Salt precipitation associated with injection of dry CO2 into saline aquifers has caused reduced injectivity at CO2 storage sites such as Ketzin and Snøhvit. The present-day reservoir scale models of this phenomenon include processes such as evaporation of water into CO2 and capillary backflow of water into the dried zone, and have the salt formation up-scaled to grid-size. However, salt precipitation via these mechanisms has been suggested to only fill a fraction of the pore network and to not significantly affect the permeability. We report lab-on-chip experiments to provide new insights into the dynamics of salt precipitation at the pore-scale and also to find the possible explanations for the large-scale salt precipitation observed in the field. The results of this study introduce two interrelated and so far unreported phenomena –self-enhancing of salt growth and water film salt transport – which together dramatically intensify the precipitation rate and amount of salt precipitated. Our experiments demonstrate that salt crystals, although at different rates, grow in both the liquid and gas phases. Aggregates of micrometer sized crystals in the gas phase create a micro-porous medium with massive capillarity that can strongly imbibe brine over long distances to the evaporation front via capillary connected water films.
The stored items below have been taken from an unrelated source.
lemma XJ_coeff_sign:
  fixes r :: "nat \<Rightarrow> real"
  assumes "k \<in> {1..CARD('n)}" "r k > 0"
  defines "p \<equiv> r k ^ 4 * card (Ink k :: (real^'n) set) / k"
  shows "p * (real CARD('n) + 2 - 3 * k) > 0 \<longleftrightarrow> 3 * k < CARD('n) + 2"
    and "p * (real CARD('n) + 2 - 3 * k) < 0 \<longleftrightarrow> CARD('n) + 2 < 3 * k"
    and "p * (real CARD('n) + 2 - 3 * k) = 0 \<longleftrightarrow> 3 * k = CARD('n) + 2"
proof -
  have "card (Ink k :: (real^'n) set) > 0"
    using assms(1) Ink_nonempty[of k, where 'n = 'n] finite_Ink by (simp add: card_gt_0_iff)
  then have "p > 0"
    using assms(1,2) by (simp add: p_def)
  moreover have "real (3 * k) < real (CARD('n) + 2) \<longleftrightarrow> 3 * k < CARD('n) + 2"
    "real (CARD('n) + 2) < real (3 * k) \<longleftrightarrow> CARD('n) + 2 < 3 * k"
    "real (3 * k) = real (CARD('n) + 2) \<longleftrightarrow> 3 * k = CARD('n) + 2"
    by (simp_all only: of_nat_less_iff of_nat_eq_iff)
  ultimately show "p * (real CARD('n) + 2 - 3 * k) > 0 \<longleftrightarrow> 3 * k < CARD('n) + 2"
    and "p * (real CARD('n) + 2 - 3 * k) < 0 \<longleftrightarrow> CARD('n) + 2 < 3 * k"
    and "p * (real CARD('n) + 2 - 3 * k) = 0 \<longleftrightarrow> 3 * k = CARD('n) + 2"
    by (auto simp: zero_less_mult_iff mult_less_0_iff)
qed

lemma euclidean_design_XJ_singleton_iff:
  fixes r wk :: "nat \<Rightarrow> real"
  assumes "CARD('n) \<ge> 2" "k \<in> {1..CARD('n)}" "r k > 0" "wk k > 0"
  shows "euclidean_design 5 (XJ {k} r :: (real^'n) set) (shellw wk) \<longleftrightarrow> 3 * k = CARD('n) + 2"
proof -
  have "euclidean_design 5 (XJ {k} r :: (real^'n) set) (shellw wk) \<longleftrightarrow>
      wk k * (r k ^ 4 * card (Ink k :: (real^'n) set) / k * (real CARD('n) + 2 - 3 * k)) = 0"
    using euclidean_design_XJ_iff[of "{k}" r wk, where 'n = 'n] assms by simp
  also have "\<dots> \<longleftrightarrow> 3 * k = CARD('n) + 2"
    using XJ_coeff_sign(3)[of k r, where 'n = 'n] assms(2-4) by simp
  finally show ?thesis .
qed

lemma ex_weights_euclidean_design_XJ_iff:
  fixes J :: "nat set" and r :: "nat \<Rightarrow> real"
  assumes n2: "CARD('n) \<ge> 2" and J: "J \<subseteq> {1..CARD('n)}" and r: "\<forall>k\<in>J. r k > 0"
    and two: "card J \<ge> 2"
  shows "(\<exists>wk. (\<forall>k\<in>J. wk k > 0) \<and> euclidean_design 5 (XJ J r :: (real^'n) set) (shellw wk)) \<longleftrightarrow>
    (\<exists>k1\<in>J. \<exists>k2\<in>J. 3 * k1 < CARD('n) + 2 \<and> CARD('n) + 2 < 3 * k2)"
proof -
  define c where "c k = r k ^ 4 * card (Ink k :: (real^'n) set) / k * (real CARD('n) + 2 - 3 * k)" for k
  have sign: "c k > 0 \<longleftrightarrow> 3 * k < CARD('n) + 2" "c k < 0 \<longleftrightarrow> CARD('n) + 2 < 3 * k"
    "c k = 0 \<longleftrightarrow> 3 * k = CARD('n) + 2" if "k \<in> J" for k
    unfolding c_def using XJ_coeff_sign[of k r, where 'n = 'n] that J r by auto
  have "finite J"
    using J by (rule finite_subset) simp
  have "\<not> (\<forall>k\<in>J. c k = 0)"
  proof
    assume "\<forall>k\<in>J. c k = 0"
    then have "J \<subseteq> {(CARD('n) + 2) div 3}"
      using sign(3) by force
    then have "card J \<le> 1"
      using card_mono[of "{(CARD('n) + 2) div 3}" J] by simp
    then show False
      using two by simp
  qed
  have "(\<exists>wk. (\<forall>k\<in>J. wk k > 0) \<and> euclidean_design 5 (XJ J r :: (real^'n) set) (shellw wk)) \<longleftrightarrow>
      (\<exists>wk. (\<forall>k\<in>J. wk k > 0) \<and> (\<Sum>k\<in>J. wk k * c k) = 0)"
    using euclidean_design_XJ_iff[OF n2 J r] unfolding c_def by blast
  also have "\<dots> \<longleftrightarrow> (\<exists>k\<in>J. c k > 0) \<and> (\<exists>k\<in>J. c k < 0)"
    using exists_pos_weights_sum_eq_0_iff[OF \<open>finite J\<close>] \<open>\<not> (\<forall>k\<in>J. c k = 0)\<close> by blast
  also have "\<dots> \<longleftrightarrow> (\<exists>k1\<in>J. \<exists>k2\<in>J. 3 * k1 < CARD('n) + 2 \<and> CARD('n) + 2 < 3 * k2)"
    using sign(1,2) by blast
  finally show ?thesis .
qed

lemma euclidean_design_XJ_1_CARD:
  fixes r wk :: "nat \<Rightarrow> real"
  assumes n2: "CARD('n) \<ge> 2" and pos: "r 1 > 0" "r CARD('n) > 0" "wk 1 > 0" "wk CARD('n) > 0"
    and ratio: "(wk 1 / wk CARD('n)) * (r 1 ^ 4 / r CARD('n) ^ 4) = 2 ^ CARD('n) / (real CARD('n))\<^sup>2"
  shows "euclidean_design 5 (XJ {1, CARD('n)} r :: (real^'n) set) (shellw wk)"
proof -
  define n :: real where "n = CARD('n)"
  have "n \<ge> 2"
    using n2 by (simp add: n_def)
  have balance: "wk 1 * r 1 ^ 4 * n\<^sup>2 = wk CARD('n) * r CARD('n) ^ 4 * 2 ^ CARD('n)"
    using ratio pos \<open>n \<ge> 2\<close> unfolding n_def[symmetric] by (simp add: field_simps)
  have "(\<Sum>k\<in>{1, CARD('n)}. wk k * (r k ^ 4 * card (Ink k :: (real^'n) set) / k *
      (real CARD('n) + 2 - 3 * k))) =
    wk 1 * (r 1 ^ 4 * (2 * n) * (n - 1)) + wk CARD('n) * (r CARD('n) ^ 4 * 2 ^ CARD('n) / n * (2 - 2 * n))"
    using n2 by (simp add: card_Ink_1[simplified] card_Ink_CARD n_def algebra_simps)
  also have "\<dots> = 2 * (n - 1) / n * (wk 1 * r 1 ^ 4 * n\<^sup>2 - wk CARD('n) * r CARD('n) ^ 4 * 2 ^ CARD('n))"
    using \<open>n \<ge> 2\<close> by (simp add: field_simps power2_eq_square)
  also have "\<dots> = 0"
    unfolding balance by simp
  finally show ?thesis
    using euclidean_design_XJ_iff[OF n2, of "{1, CARD('n)}" r wk] n2 pos by simp
qed

theorem proposition3p2:
  fixes J :: "nat set" and r :: "nat \<Rightarrow> real"
  assumes n3: "CARD('n::finite) \<ge> 3"
    and Jne: "J \<noteq> {}" and Jsub: "J \<subseteq> {1..CARD('n)}"
    and rpos: "\<forall>k\<in>J. r k > 0"
  shows
   "(card J = 1 \<longrightarrow>
      (CARD('n) mod 3 \<noteq> 1 \<longrightarrow>
         (\<forall>wk. (\<forall>k\<in>J. wk k > 0) \<longrightarrow>
            \<not> euclidean_design 5 (XJ J r :: (real^'n) set) (shellw wk))) \<and>
      (CARD('n) mod 3 = 1 \<longrightarrow>
         (\<forall>k. J = {k} \<longrightarrow>
            (\<forall>wk. (\<forall>k\<in>J. wk k > 0) \<longrightarrow>
               (euclidean_design 5 (XJ J r :: (real^'n) set) (shellw wk)
                  \<longleftrightarrow> 3 * k = CARD('n) + 2)))))
    \<and>
    (card J \<ge> 2 \<longrightarrow>
      ((\<exists>wk. (\<forall>k\<in>J. wk k > 0) \<and>
             euclidean_design 5 (XJ J r :: (real^'n) set) (shellw wk))
        \<longleftrightarrow> (\<exists>k1\<in>J. \<exists>k2\<in>J. 3 * k1 < CARD('n) + 2 \<and> CARD('n) + 2 < 3 * k2)))
    \<and>
    (\<forall>r' wk. r' 1 > 0 \<and> r' CARD('n) > 0 \<and> wk 1 > 0 \<and> wk CARD('n) > 0 \<and>
       (wk 1 / wk CARD('n)) * (r' 1 ^ 4 / r' CARD('n) ^ 4)
          = 2 ^ CARD('n) / (real CARD('n))\<^sup>2 \<longrightarrow>
       euclidean_design 5 (XJ {1, CARD('n)} r' :: (real^'n) set) (shellw wk))"
proof -
  have n2: "CARD('n) \<ge> 2"
    using n3 by simp
  have single: "euclidean_design 5 (XJ J r :: (real^'n) set) (shellw wk) \<longleftrightarrow> 3 * k = CARD('n) + 2"
    if "J = {k}" "\<forall>k\<in>J. wk k > 0" for k wk
    using euclidean_design_XJ_singleton_iff[OF n2] that Jsub rpos by simp
  have "3 * k \<noteq> CARD('n) + 2" if "CARD('n) mod 3 \<noteq> 1" for k
    using that by presburger
  then have "card J = 1 \<longrightarrow> (CARD('n) mod 3 \<noteq> 1 \<longrightarrow>
      (\<forall>wk. (\<forall>k\<in>J. wk k > 0) \<longrightarrow> \<not> euclidean_design 5 (XJ J r :: (real^'n) set) (shellw wk)))"
    using single by (metis card_1_singletonE)
  moreover note single ex_weights_euclidean_design_XJ_iff[OF n2 Jsub rpos]
    euclidean_design_XJ_1_CARD[OF n2]
  ultimately show ?thesis
    by blast
qed

end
The imbibed brine in the salt structure is several orders of magnitude thinner than trapped brine in the pores, and due to its high surface area to volume ratio, it rapidly becomes highly super-saturated, leading to a high nucleation rate and the formation of additional salt crystals. The produced salt provides additional surface area for evaporation, and therefore enhances the overall rate of precipitation. This mechanism is active even at extreme CO2 flow rates and therefore salt formation could be more severe than previously concluded, which was based only on core flooding experiments and numerical simulations. The paper raises a serious need for reconsideration of the currently implemented physics in the simulation tools and also for properly designed laboratory experiments, to ensure that the reservoir volume outside the drainage area, which over time contributes to the bulk of precipitated salt, is also included.

Introduction

Carbon capture and storage (CCS) in geological formations is considered as the best near-term solution to mitigate climate changes caused by increasing atmospheric CO2 (Bruant et al., 2002, Bruckner et al., 2014). CCS consists of three connected processes, which are the separation of CO2 from stationary point-source CO2 emission sites, compression and transport to a storage site, and injection into a geological formation, with the intention of long-term isolation from the atmosphere (Benson and Orr, 2008, Metz et al., 2005). The feasibility of CCS has been supported by several successful pilot-scale and commercial-scale projects such as Frio in Texas (Hovorka et al., 2006); Ketzin in Germany (Kiessling et al., 2010); Nagaoka in Japan (Mito et al., 2008); Weyburn in Canada (Preston et al., 2005); Sleipner and Snøhvit in Norway (Maldal and Tappel, 2004, Torp and Gale, 2004); and In Salah in Algeria (Riddiford et al., 2004).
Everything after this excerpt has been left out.